Print the lines that run from the line with "(rule subspace_g_orth[OF assms(1)])" to the line with "section \<open>Dimension counting\<close>", keeping both end lines, exactly as they appear in the entries below, and nothing else.

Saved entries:
· · · ·

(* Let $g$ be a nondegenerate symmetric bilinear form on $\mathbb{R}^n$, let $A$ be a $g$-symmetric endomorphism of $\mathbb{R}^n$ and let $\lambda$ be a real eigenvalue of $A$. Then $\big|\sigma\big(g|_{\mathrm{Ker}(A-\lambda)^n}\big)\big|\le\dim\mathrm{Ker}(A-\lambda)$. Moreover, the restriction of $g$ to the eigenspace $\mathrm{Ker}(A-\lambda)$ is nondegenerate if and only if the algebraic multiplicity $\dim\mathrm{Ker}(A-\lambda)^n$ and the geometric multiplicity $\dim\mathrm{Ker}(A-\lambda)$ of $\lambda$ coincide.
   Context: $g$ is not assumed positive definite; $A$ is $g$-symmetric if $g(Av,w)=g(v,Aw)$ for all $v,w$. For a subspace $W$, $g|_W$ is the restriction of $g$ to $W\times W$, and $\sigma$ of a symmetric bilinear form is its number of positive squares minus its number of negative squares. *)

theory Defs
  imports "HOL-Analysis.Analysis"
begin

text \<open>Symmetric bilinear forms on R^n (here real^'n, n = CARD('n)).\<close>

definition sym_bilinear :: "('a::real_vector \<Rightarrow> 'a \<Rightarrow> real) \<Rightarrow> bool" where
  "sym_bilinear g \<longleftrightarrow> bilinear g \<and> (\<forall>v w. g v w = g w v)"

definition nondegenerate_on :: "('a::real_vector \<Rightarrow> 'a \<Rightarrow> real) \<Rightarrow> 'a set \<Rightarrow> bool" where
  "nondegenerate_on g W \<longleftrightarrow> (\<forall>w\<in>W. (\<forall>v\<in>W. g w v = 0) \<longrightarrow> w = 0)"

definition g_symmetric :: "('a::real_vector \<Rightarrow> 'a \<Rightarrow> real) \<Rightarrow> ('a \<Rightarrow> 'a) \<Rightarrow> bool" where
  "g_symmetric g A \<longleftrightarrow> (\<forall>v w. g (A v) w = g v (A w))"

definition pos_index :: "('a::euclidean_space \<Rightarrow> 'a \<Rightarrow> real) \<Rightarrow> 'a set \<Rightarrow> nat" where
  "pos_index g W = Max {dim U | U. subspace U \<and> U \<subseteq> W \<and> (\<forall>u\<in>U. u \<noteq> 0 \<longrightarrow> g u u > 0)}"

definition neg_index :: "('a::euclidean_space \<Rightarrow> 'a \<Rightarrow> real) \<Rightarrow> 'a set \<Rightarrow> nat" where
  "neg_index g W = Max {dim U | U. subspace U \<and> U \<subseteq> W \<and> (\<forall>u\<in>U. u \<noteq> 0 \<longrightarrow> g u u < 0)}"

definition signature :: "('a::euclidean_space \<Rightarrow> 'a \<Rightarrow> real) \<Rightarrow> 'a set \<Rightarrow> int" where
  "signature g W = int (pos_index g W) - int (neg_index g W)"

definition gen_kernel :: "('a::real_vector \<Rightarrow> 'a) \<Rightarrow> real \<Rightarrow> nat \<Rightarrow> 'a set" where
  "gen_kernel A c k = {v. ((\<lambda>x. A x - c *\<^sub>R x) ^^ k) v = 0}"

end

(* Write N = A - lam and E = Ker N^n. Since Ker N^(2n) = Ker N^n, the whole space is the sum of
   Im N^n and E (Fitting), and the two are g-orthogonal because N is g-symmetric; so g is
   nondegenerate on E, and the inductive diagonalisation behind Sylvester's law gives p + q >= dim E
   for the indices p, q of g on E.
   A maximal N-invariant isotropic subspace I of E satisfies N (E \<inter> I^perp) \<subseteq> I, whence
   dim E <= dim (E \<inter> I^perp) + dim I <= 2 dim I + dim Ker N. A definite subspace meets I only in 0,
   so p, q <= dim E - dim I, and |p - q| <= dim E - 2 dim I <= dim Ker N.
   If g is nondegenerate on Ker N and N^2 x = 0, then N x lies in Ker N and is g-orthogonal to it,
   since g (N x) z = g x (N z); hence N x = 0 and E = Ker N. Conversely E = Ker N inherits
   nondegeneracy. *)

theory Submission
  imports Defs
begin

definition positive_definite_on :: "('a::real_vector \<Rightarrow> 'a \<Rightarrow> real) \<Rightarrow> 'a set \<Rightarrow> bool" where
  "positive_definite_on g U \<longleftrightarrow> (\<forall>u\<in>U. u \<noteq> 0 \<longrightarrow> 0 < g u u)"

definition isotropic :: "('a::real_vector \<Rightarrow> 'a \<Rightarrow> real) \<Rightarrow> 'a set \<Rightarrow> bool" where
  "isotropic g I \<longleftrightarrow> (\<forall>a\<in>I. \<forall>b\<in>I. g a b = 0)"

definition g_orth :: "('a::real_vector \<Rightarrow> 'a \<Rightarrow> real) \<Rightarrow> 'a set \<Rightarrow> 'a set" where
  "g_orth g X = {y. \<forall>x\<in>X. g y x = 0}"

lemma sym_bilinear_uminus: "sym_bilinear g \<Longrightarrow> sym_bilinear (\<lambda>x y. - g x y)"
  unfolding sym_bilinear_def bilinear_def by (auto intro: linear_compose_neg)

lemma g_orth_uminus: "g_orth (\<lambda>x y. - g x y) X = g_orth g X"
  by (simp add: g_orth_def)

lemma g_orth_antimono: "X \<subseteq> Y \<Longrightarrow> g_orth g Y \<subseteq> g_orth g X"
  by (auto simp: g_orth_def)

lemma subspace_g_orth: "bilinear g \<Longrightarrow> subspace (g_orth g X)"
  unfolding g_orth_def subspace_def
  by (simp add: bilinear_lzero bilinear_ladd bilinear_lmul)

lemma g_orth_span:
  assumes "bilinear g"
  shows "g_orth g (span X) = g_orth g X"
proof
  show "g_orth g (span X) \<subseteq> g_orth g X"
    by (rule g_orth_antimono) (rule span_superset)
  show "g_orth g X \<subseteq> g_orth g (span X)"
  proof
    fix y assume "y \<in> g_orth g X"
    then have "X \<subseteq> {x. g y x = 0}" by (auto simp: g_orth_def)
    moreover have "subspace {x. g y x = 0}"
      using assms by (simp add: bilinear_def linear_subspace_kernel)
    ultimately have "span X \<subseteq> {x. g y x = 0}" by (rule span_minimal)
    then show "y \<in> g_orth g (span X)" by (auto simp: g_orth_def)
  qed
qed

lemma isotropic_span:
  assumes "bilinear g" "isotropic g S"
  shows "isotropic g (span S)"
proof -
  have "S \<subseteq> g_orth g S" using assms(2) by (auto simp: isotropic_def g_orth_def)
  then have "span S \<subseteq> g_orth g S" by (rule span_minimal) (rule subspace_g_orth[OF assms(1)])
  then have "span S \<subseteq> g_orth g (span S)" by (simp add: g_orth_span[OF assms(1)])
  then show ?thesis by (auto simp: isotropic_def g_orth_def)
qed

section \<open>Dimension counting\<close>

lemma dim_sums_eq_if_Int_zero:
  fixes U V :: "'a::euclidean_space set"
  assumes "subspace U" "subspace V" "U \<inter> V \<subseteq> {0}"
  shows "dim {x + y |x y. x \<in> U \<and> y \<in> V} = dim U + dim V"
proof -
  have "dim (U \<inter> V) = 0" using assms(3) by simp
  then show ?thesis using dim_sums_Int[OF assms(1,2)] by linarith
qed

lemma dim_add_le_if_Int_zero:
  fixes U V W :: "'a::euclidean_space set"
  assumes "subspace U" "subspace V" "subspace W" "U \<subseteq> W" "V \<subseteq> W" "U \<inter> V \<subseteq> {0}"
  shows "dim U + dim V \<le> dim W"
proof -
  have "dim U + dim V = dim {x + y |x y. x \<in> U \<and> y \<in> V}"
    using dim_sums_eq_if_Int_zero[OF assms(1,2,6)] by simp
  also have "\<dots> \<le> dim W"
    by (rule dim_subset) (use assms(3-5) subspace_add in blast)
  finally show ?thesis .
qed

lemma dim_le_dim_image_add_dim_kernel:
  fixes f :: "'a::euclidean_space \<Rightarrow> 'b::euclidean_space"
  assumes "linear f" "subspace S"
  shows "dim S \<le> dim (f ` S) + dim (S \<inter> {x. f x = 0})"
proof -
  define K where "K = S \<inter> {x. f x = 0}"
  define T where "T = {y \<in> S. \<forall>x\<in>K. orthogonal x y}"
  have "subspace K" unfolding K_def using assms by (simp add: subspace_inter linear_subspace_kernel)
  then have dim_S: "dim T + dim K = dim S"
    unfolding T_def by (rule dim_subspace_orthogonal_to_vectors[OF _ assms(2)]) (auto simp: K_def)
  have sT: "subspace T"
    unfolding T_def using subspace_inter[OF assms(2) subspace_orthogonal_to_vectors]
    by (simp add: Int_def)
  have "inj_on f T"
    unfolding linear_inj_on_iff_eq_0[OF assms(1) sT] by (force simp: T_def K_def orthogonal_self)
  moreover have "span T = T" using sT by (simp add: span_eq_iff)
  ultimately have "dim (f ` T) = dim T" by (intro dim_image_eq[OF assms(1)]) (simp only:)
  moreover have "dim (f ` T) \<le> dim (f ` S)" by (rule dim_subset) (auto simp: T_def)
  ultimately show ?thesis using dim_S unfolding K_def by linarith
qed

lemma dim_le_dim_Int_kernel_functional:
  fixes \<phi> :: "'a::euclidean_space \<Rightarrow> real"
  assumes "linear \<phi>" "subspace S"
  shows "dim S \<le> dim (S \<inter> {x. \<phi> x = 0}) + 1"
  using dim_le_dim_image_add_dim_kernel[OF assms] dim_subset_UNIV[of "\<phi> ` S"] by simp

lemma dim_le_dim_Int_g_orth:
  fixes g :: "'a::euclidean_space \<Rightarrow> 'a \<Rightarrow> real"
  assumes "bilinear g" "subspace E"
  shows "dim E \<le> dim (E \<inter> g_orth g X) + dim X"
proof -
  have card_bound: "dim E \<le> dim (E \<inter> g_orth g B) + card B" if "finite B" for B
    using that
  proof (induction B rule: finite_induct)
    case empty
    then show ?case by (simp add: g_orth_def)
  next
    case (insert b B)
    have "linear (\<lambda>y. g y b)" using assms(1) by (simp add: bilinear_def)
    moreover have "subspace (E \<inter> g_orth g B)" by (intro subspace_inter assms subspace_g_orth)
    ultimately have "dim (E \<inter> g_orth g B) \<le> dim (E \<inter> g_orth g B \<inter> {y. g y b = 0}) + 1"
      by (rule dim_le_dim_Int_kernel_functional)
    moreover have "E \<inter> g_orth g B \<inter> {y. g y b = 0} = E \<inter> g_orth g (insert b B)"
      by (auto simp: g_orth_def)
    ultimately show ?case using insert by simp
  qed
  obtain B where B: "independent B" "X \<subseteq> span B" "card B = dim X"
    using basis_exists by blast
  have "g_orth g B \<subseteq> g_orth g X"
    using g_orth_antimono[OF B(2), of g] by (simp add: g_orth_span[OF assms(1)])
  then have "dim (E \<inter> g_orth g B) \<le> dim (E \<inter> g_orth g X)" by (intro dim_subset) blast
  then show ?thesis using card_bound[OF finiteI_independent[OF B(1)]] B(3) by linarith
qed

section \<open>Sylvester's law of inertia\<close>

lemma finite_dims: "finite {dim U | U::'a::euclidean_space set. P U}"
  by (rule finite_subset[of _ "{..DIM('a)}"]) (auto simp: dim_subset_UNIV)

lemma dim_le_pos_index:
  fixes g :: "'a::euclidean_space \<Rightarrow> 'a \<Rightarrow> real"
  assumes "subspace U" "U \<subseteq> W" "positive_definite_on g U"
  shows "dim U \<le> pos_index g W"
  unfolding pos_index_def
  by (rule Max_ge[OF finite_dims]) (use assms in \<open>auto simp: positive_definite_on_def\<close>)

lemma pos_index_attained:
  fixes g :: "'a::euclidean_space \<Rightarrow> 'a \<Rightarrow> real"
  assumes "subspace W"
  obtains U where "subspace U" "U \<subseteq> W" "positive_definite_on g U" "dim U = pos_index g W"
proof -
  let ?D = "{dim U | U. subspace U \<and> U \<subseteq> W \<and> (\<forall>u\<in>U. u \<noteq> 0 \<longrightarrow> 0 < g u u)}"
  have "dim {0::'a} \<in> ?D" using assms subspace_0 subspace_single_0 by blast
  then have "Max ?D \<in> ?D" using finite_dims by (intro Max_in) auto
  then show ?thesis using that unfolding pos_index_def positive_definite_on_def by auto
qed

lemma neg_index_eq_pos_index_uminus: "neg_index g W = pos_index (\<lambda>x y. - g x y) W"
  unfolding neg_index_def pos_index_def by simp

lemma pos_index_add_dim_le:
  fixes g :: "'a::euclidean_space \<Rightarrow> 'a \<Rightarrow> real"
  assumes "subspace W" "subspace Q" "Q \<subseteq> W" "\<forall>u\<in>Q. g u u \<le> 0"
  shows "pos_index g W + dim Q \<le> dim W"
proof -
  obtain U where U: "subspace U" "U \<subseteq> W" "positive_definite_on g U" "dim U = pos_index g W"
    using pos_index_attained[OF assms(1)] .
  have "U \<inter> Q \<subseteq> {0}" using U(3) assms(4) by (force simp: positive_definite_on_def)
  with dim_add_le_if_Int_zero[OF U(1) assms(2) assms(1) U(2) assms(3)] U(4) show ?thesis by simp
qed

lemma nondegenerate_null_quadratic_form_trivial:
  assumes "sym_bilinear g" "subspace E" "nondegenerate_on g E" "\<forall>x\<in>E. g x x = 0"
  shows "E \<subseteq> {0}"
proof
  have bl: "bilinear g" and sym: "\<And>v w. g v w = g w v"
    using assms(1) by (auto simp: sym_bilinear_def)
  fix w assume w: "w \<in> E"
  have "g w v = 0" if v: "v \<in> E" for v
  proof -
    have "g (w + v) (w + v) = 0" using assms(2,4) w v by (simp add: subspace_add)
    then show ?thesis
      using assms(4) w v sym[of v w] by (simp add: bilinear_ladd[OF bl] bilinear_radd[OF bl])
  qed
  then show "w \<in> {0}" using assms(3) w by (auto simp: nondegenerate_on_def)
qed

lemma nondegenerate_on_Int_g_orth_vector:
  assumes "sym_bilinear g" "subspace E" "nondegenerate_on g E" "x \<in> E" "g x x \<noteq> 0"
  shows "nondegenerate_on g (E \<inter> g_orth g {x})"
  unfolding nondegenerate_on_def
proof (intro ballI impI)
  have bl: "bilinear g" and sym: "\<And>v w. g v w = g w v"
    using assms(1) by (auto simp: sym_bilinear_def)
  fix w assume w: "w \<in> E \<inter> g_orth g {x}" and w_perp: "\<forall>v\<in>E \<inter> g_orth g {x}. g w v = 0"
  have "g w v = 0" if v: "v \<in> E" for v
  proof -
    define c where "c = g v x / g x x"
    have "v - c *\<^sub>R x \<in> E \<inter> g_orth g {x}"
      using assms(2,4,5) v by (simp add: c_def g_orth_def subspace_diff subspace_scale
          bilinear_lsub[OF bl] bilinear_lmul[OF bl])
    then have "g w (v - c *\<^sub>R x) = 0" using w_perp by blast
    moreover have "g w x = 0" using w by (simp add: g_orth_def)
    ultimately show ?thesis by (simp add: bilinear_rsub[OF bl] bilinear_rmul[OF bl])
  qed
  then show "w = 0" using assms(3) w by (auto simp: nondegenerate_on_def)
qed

· · · ·

▶ [SOLUTION]
  then have "span S \<subseteq> g_orth g S" by (rule span_minimal) (rule subspace_g_orth[OF assms(1)])
  then have "span S \<subseteq> g_orth g (span S)" by (simp add: g_orth_span[OF assms(1)])
  then show ?thesis by (auto simp: isotropic_def g_orth_def)
qed

section \<open>Dimension counting\<close>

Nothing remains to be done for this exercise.